#### [Exercise]
Keeping every character in place, output all the data.

Stored data entries:
lemma supported_diff: "supported x \<Longrightarrow> supported y \<Longrightarrow> supported (x - y)"
  unfolding supported_def by simp

lemma closed_supported: "closed {x. supported x}"
proof -
  have "{x. supported x} = (\<Inter>j\<in>-supp. {x. x$j = 0})"
    unfolding supported_def by auto
  then show ?thesis by (auto intro!: closed_Collect_eq continuous_intros)
qed

lemma group_psum_pos: "i \<in> nzg \<Longrightarrow> \<forall>j\<in>G i. x$j \<noteq> 0 \<Longrightarrow> 0 < group_psum i x"
  unfolding group_psum_def using group_nonempty[of i] nzg_def
  by (intro sum_pos) auto

lemma pq_norm_powr_eq: "pq_norm p q r G x powr q = supp_penalty x + off_penalty x"
proof -
  have "pq_norm p q r G x powr q = (\<Sum>i\<in>{1..r}. group_pnorm p (G i) x powr q)"
    unfolding pq_norm_def using q_pos by (simp add: powr_powr sum_nonneg)
  also have "\<dots> = (\<Sum>i\<in>{1..r}. group_psum i x powr (q/p))"
    by (simp add: group_pnorm_def group_psum_def powr_powr)
  also have "\<dots> = supp_penalty x + off_penalty x"
    unfolding supp_penalty_def off_penalty_def nzg_zg(1) using nzg_zg by (simp add: sum.union_disjoint)
  finally show ?thesis .
qed

lemma off_penalty_supported: "supported x \<Longrightarrow> off_penalty x = 0"
  unfolding off_penalty_def group_psum_def supported_def using zg_disjoint_supp by simp

lemma supp_penalty_restrict_supp: "supp_penalty (restrict_supp x) = supp_penalty x"
  unfolding supp_penalty_def group_psum_def restrict_supp_def using nzg_subset_supp
  by (intro sum.cong refl arg_cong2[where f="(powr)"]) auto

lemma objective_supported:
  "supported x \<Longrightarrow> objective lam x = (norm (A *v x - A *v xbar))\<^sup>2 + lam * supp_penalty x"
  unfolding objective_def pq_norm_powr_eq using off_penalty_supported by simp

lemma continuous_on_objective: "continuous_on S (objective lam)"
proof -
  have "continuous_on S (\<lambda>x. group_psum i x)" for i
    unfolding group_psum_def using p_pos by (intro continuous_intros continuous_on_powr') auto
  moreover have "0 \<le> group_psum i x" for i x
    unfolding group_psum_def by (simp add: sum_nonneg)
  ultimately show ?thesis
    unfolding objective_def pq_norm_powr_eq supp_penalty_def off_penalty_def
    using q_pos p_pos
    by (intro continuous_intros continuous_on_powr' matrix_vector_mult_linear_continuous_on) auto
qed

definition "Ginv = inv_on supp (gram_sub A)"
definition "ginv_norm = spec_norm_on supp Ginv"

lemma gram_Ginv: "\<forall>j\<in>supp. \<forall>l\<in>supp. (\<Sum>k\<in>supp. gram_sub A j k * Ginv k l) = (if j = l then 1 else 0)"
proof -
  have "\<exists>N. \<forall>j\<in>supp. \<forall>l\<in>supp. (\<Sum>k\<in>supp. gram_sub A j k * N k l) = (if j = l then 1 else 0)"
    using gram_sub_right_inverse_exists[OF cols_indep] unfolding supp_def .
  then show ?thesis unfolding Ginv_def inv_on_def by (rule someI_ex)
qed

lemma Ginv_gram: "\<forall>j\<in>supp. \<forall>l\<in>supp. (\<Sum>k\<in>supp. Ginv j k * gram_sub A k l) = (if j = l then 1 else 0)"
  by (rule left_inverse_on_if_symmetric[OF _ _ gram_Ginv]) (auto simp: gram_sub_sym)

lemma matrix_vector_supported:
  "supported d \<Longrightarrow> A *v d = (\<Sum>l\<in>supp. d$l *\<^sub>R column l A)"
  unfolding supported_def
  by (simp add: matrix_mult_sum scalar_mult_eq_scaleR sum.mono_neutral_right[of UNIV supp])

lemma supported_eq_Ginv:
  assumes "supported d" "j \<in> supp"
  shows "d$j = (\<Sum>k\<in>supp. Ginv j k * (column k A \<bullet> (A *v d)))"
proof -
  have "(\<Sum>k\<in>supp. Ginv j k * (column k A \<bullet> (A *v d)))
      = (\<Sum>k\<in>supp. \<Sum>l\<in>supp. Ginv j k * gram_sub A k l * d$l)"
    using assms(1) by (simp add: matrix_vector_supported inner_sum_right gram_sub_def
        sum_distrib_left mult_ac)
  also have "\<dots> = (\<Sum>l\<in>supp. (\<Sum>k\<in>supp. Ginv j k * gram_sub A k l) * d$l)"
    by (subst sum.swap) (simp add: sum_distrib_right)
  also have "\<dots> = (\<Sum>l\<in>supp. (if j = l then 1 else 0) * d$l)"
    using Ginv_gram assms(2) by (intro sum.cong) auto
  also have "\<dots> = d$j" using assms(2) by (simp add: if_distrib[of "\<lambda>t. t * d$_"] cong: if_cong)
  finally show ?thesis by simp
qed

lemma norm_supported: "supported d \<Longrightarrow> norm d = sqrt (\<Sum>j\<in>supp. (d$j)\<^sup>2)"
  unfolding supported_def
  by (simp add: norm_eq_sqrt_inner inner_vec_def power2_eq_square sum.mono_neutral_right[of UNIV supp])

lemma norm_supported_le:
  "supported d \<Longrightarrow> norm d \<le> ginv_norm * sqrt (\<Sum>k\<in>supp. (column k A \<bullet> (A *v d))\<^sup>2)"
  using spec_norm_on_bound[where T=supp and N=Ginv and v="\<lambda>k. column k A \<bullet> (A *v d)"]
  by (simp add: norm_supported supported_eq_Ginv ginv_norm_def cong: sum.cong)

lemma norm_power2_supported_le:
  assumes "supported d"
  shows "(norm d)\<^sup>2 \<le> ginv_norm\<^sup>2 * (\<Sum>k\<in>supp. (norm (column k A))\<^sup>2) * (norm (A *v d))\<^sup>2"
proof -
  have "(norm d)\<^sup>2 \<le> (ginv_norm * sqrt (\<Sum>k\<in>supp. (column k A \<bullet> (A *v d))\<^sup>2))\<^sup>2"
    using norm_supported_le[OF assms] by (simp add: power_mono)
  also have "\<dots> = ginv_norm\<^sup>2 * (\<Sum>k\<in>supp. (column k A \<bullet> (A *v d))\<^sup>2)"
    by (simp add: power_mult_distrib sum_nonneg)
  also have "\<dots> \<le> ginv_norm\<^sup>2 * ((\<Sum>k\<in>supp. (norm (column k A))\<^sup>2) * (norm (A *v d))\<^sup>2)"
    by (intro mult_left_mono sum_inner_column_power2_le) simp
  finally show ?thesis by (simp add: mult.assoc)
qed

section \<open>Local minimality off the support\<close>

lemma norm_sub_restrict_supp_le: "norm (y - restrict_supp y) \<le> off_mass y"
proof -
  have "norm (y - restrict_supp y) \<le> (\<Sum>j\<in>UNIV. \<bar>(y - restrict_supp y)$j\<bar>)"
    by (rule norm_le_l1_cart)
  also have "\<dots> = off_mass y"
    unfolding off_mass_def restrict_supp_def by (intro sum.mono_neutral_cong_right) auto
  finally show ?thesis .
qed

lemma abs_powr_le_off_penalty:
  assumes "j \<notin> supp"
  shows "\<bar>y$j\<bar> powr q \<le> off_penalty y"
proof -
  obtain i where i: "i \<in> zg" "j \<in> G i" using not_supp_in_zg[OF assms] by blast
  have "\<bar>y$j\<bar> powr q = (\<bar>y$j\<bar> powr p) powr (q/p)" using p_pos by (simp add: powr_powr)
  also have "\<dots> \<le> group_psum i y powr (q/p)"
    unfolding group_psum_def using i p_pos q_pos
    by (intro powr_mono2) (auto intro: member_le_sum)
  also have "\<dots> \<le> off_penalty y"
    unfolding off_penalty_def using i nzg_zg(4) group_psum_def
    by (intro member_le_sum) (auto simp: sum_nonneg)
  finally show ?thesis .
qed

#### [Solution]
lemma supported_diff: "supported x \<Longrightarrow> supported y \<Longrightarrow> supported (x - y)"
  unfolding supported_def by simp

lemma closed_supported: "closed {x. supported x}"
proof -
  have "{x. supported x} = (\<Inter>j\<in>-supp. {x. x$j = 0})"
    unfolding supported_def by auto
  then show ?thesis by (auto intro!: closed_Collect_eq continuous_intros)
qed

lemma group_psum_pos: "i \<in> nzg \<Longrightarrow> \<forall>j\<in>G i. x$j \<noteq> 0 \<Longrightarrow> 0 < group_psum i x"
  unfolding group_psum_def using group_nonempty[of i] nzg_def
  by (intro sum_pos) auto

lemma pq_norm_powr_eq: "pq_norm p q r G x powr q = supp_penalty x + off_penalty x"
proof -
  have "pq_norm p q r G x powr q = (\<Sum>i\<in>{1..r}. group_pnorm p (G i) x powr q)"
    unfolding pq_norm_def using q_pos by (simp add: powr_powr sum_nonneg)
  also have "\<dots> = (\<Sum>i\<in>{1..r}. group_psum i x powr (q/p))"
    by (simp add: group_pnorm_def group_psum_def powr_powr)
  also have "\<dots> = supp_penalty x + off_penalty x"
    unfolding supp_penalty_def off_penalty_def nzg_zg(1) using nzg_zg by (simp add: sum.union_disjoint)
  finally show ?thesis .
qed

lemma off_penalty_supported: "supported x \<Longrightarrow> off_penalty x = 0"
  unfolding off_penalty_def group_psum_def supported_def using zg_disjoint_supp by simp

lemma supp_penalty_restrict_supp: "supp_penalty (restrict_supp x) = supp_penalty x"
  unfolding supp_penalty_def group_psum_def restrict_supp_def using nzg_subset_supp
  by (intro sum.cong refl arg_cong2[where f="(powr)"]) auto

lemma objective_supported:
  "supported x \<Longrightarrow> objective lam x = (norm (A *v x - A *v xbar))\<^sup>2 + lam * supp_penalty x"
  unfolding objective_def pq_norm_powr_eq using off_penalty_supported by simp

lemma continuous_on_objective: "continuous_on S (objective lam)"
proof -
  have "continuous_on S (\<lambda>x. group_psum i x)" for i
    unfolding group_psum_def using p_pos by (intro continuous_intros continuous_on_powr') auto
  moreover have "0 \<le> group_psum i x" for i x
    unfolding group_psum_def by (simp add: sum_nonneg)
  ultimately show ?thesis
    unfolding objective_def pq_norm_powr_eq supp_penalty_def off_penalty_def
    using q_pos p_pos
    by (intro continuous_intros continuous_on_powr' matrix_vector_mult_linear_continuous_on) auto
qed

definition "Ginv = inv_on supp (gram_sub A)"
definition "ginv_norm = spec_norm_on supp Ginv"

lemma gram_Ginv: "\<forall>j\<in>supp. \<forall>l\<in>supp. (\<Sum>k\<in>supp. gram_sub A j k * Ginv k l) = (if j = l then 1 else 0)"
proof -
  have "\<exists>N. \<forall>j\<in>supp. \<forall>l\<in>supp. (\<Sum>k\<in>supp. gram_sub A j k * N k l) = (if j = l then 1 else 0)"
    using gram_sub_right_inverse_exists[OF cols_indep] unfolding supp_def .
  then show ?thesis unfolding Ginv_def inv_on_def by (rule someI_ex)
qed

lemma Ginv_gram: "\<forall>j\<in>supp. \<forall>l\<in>supp. (\<Sum>k\<in>supp. Ginv j k * gram_sub A k l) = (if j = l then 1 else 0)"
  by (rule left_inverse_on_if_symmetric[OF _ _ gram_Ginv]) (auto simp: gram_sub_sym)

lemma matrix_vector_supported:
  "supported d \<Longrightarrow> A *v d = (\<Sum>l\<in>supp. d$l *\<^sub>R column l A)"
  unfolding supported_def
  by (simp add: matrix_mult_sum scalar_mult_eq_scaleR sum.mono_neutral_right[of UNIV supp])

lemma supported_eq_Ginv:
  assumes "supported d" "j \<in> supp"
  shows "d$j = (\<Sum>k\<in>supp. Ginv j k * (column k A \<bullet> (A *v d)))"
proof -
  have "(\<Sum>k\<in>supp. Ginv j k * (column k A \<bullet> (A *v d)))
      = (\<Sum>k\<in>supp. \<Sum>l\<in>supp. Ginv j k * gram_sub A k l * d$l)"
    using assms(1) by (simp add: matrix_vector_supported inner_sum_right gram_sub_def
        sum_distrib_left mult_ac)
  also have "\<dots> = (\<Sum>l\<in>supp. (\<Sum>k\<in>supp. Ginv j k * gram_sub A k l) * d$l)"
    by (subst sum.swap) (simp add: sum_distrib_right)
  also have "\<dots> = (\<Sum>l\<in>supp. (if j = l then 1 else 0) * d$l)"
    using Ginv_gram assms(2) by (intro sum.cong) auto
  also have "\<dots> = d$j" using assms(2) by (simp add: if_distrib[of "\<lambda>t. t * d$_"] cong: if_cong)
  finally show ?thesis by simp
qed

lemma norm_supported: "supported d \<Longrightarrow> norm d = sqrt (\<Sum>j\<in>supp. (d$j)\<^sup>2)"
  unfolding supported_def
  by (simp add: norm_eq_sqrt_inner inner_vec_def power2_eq_square sum.mono_neutral_right[of UNIV supp])

lemma norm_supported_le:
  "supported d \<Longrightarrow> norm d \<le> ginv_norm * sqrt (\<Sum>k\<in>supp. (column k A \<bullet> (A *v d))\<^sup>2)"
  using spec_norm_on_bound[where T=supp and N=Ginv and v="\<lambda>k. column k A \<bullet> (A *v d)"]
  by (simp add: norm_supported supported_eq_Ginv ginv_norm_def cong: sum.cong)

lemma norm_power2_supported_le:
  assumes "supported d"
  shows "(norm d)\<^sup>2 \<le> ginv_norm\<^sup>2 * (\<Sum>k\<in>supp. (norm (column k A))\<^sup>2) * (norm (A *v d))\<^sup>2"
proof -
  have "(norm d)\<^sup>2 \<le> (ginv_norm * sqrt (\<Sum>k\<in>supp. (column k A \<bullet> (A *v d))\<^sup>2))\<^sup>2"
    using norm_supported_le[OF assms] by (simp add: power_mono)
  also have "\<dots> = ginv_norm\<^sup>2 * (\<Sum>k\<in>supp. (column k A \<bullet> (A *v d))\<^sup>2)"
    by (simp add: power_mult_distrib sum_nonneg)
  also have "\<dots> \<le> ginv_norm\<^sup>2 * ((\<Sum>k\<in>supp. (norm (column k A))\<^sup>2) * (norm (A *v d))\<^sup>2)"
    by (intro mult_left_mono sum_inner_column_power2_le) simp
  finally show ?thesis by (simp add: mult.assoc)
qed

section \<open>Local minimality off the support\<close>

lemma norm_sub_restrict_supp_le: "norm (y - restrict_supp y) \<le> off_mass y"
proof -
  have "norm (y - restrict_supp y) \<le> (\<Sum>j\<in>UNIV. \<bar>(y - restrict_supp y)$j\<bar>)"
    by (rule norm_le_l1_cart)
  also have "\<dots> = off_mass y"
    unfolding off_mass_def restrict_supp_def by (intro sum.mono_neutral_cong_right) auto
  finally show ?thesis .
qed

lemma abs_powr_le_off_penalty:
  assumes "j \<notin> supp"
  shows "\<bar>y$j\<bar> powr q \<le> off_penalty y"
proof -
  obtain i where i: "i \<in> zg" "j \<in> G i" using not_supp_in_zg[OF assms] by blast
  have "\<bar>y$j\<bar> powr q = (\<bar>y$j\<bar> powr p) powr (q/p)" using p_pos by (simp add: powr_powr)
  also have "\<dots> \<le> group_psum i y powr (q/p)"
    unfolding group_psum_def using i p_pos q_pos
    by (intro powr_mono2) (auto intro: member_le_sum)
  also have "\<dots> \<le> off_penalty y"
    unfolding off_penalty_def using i nzg_zg(4) group_psum_def
    by (intro member_le_sum) (auto simp: sum_nonneg)
  finally show ?thesis .
qed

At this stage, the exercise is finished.